Show all lines of the entries in which the word "longrightarrow" is found.

■ **Collected data entries**:
+ + + + +

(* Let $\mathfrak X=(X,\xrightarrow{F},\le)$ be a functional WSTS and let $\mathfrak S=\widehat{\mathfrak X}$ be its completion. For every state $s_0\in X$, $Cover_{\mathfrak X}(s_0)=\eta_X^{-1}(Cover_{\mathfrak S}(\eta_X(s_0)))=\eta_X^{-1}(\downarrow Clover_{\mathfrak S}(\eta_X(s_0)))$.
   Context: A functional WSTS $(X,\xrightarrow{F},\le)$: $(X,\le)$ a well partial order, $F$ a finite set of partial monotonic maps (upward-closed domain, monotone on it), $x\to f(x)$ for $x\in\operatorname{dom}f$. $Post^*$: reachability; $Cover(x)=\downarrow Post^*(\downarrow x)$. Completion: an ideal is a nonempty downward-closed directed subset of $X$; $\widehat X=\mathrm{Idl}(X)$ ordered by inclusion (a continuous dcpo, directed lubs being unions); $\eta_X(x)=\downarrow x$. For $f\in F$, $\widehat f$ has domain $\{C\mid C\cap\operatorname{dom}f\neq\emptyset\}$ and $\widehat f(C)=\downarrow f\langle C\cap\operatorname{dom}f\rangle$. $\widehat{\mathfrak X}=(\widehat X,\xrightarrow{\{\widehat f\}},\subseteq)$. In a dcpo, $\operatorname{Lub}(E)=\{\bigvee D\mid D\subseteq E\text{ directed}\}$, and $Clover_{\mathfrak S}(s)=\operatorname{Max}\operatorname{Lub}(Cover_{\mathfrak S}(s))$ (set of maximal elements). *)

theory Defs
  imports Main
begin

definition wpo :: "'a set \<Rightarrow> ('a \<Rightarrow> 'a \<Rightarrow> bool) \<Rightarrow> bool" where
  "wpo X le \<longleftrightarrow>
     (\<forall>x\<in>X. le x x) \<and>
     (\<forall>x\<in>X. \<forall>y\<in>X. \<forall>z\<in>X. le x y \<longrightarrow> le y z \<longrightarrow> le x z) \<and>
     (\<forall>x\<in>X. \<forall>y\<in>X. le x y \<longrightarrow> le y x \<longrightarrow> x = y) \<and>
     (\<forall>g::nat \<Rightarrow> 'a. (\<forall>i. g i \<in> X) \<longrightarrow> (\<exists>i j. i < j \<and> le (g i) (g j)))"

+ + + + +

■ **Written response**:
     (\<forall>x\<in>X. \<forall>y\<in>X. \<forall>z\<in>X. le x y \<longrightarrow> le y z \<longrightarrow> le x z) \<and>
     (\<forall>x\<in>X. \<forall>y\<in>X. le x y \<longrightarrow> le y x \<longrightarrow> x = y) \<and>
     (\<forall>g::nat \<Rightarrow> 'a. (\<forall>i. g i \<in> X) \<longrightarrow> (\<exists>i j. i < j \<and> le (g i) (g j)))"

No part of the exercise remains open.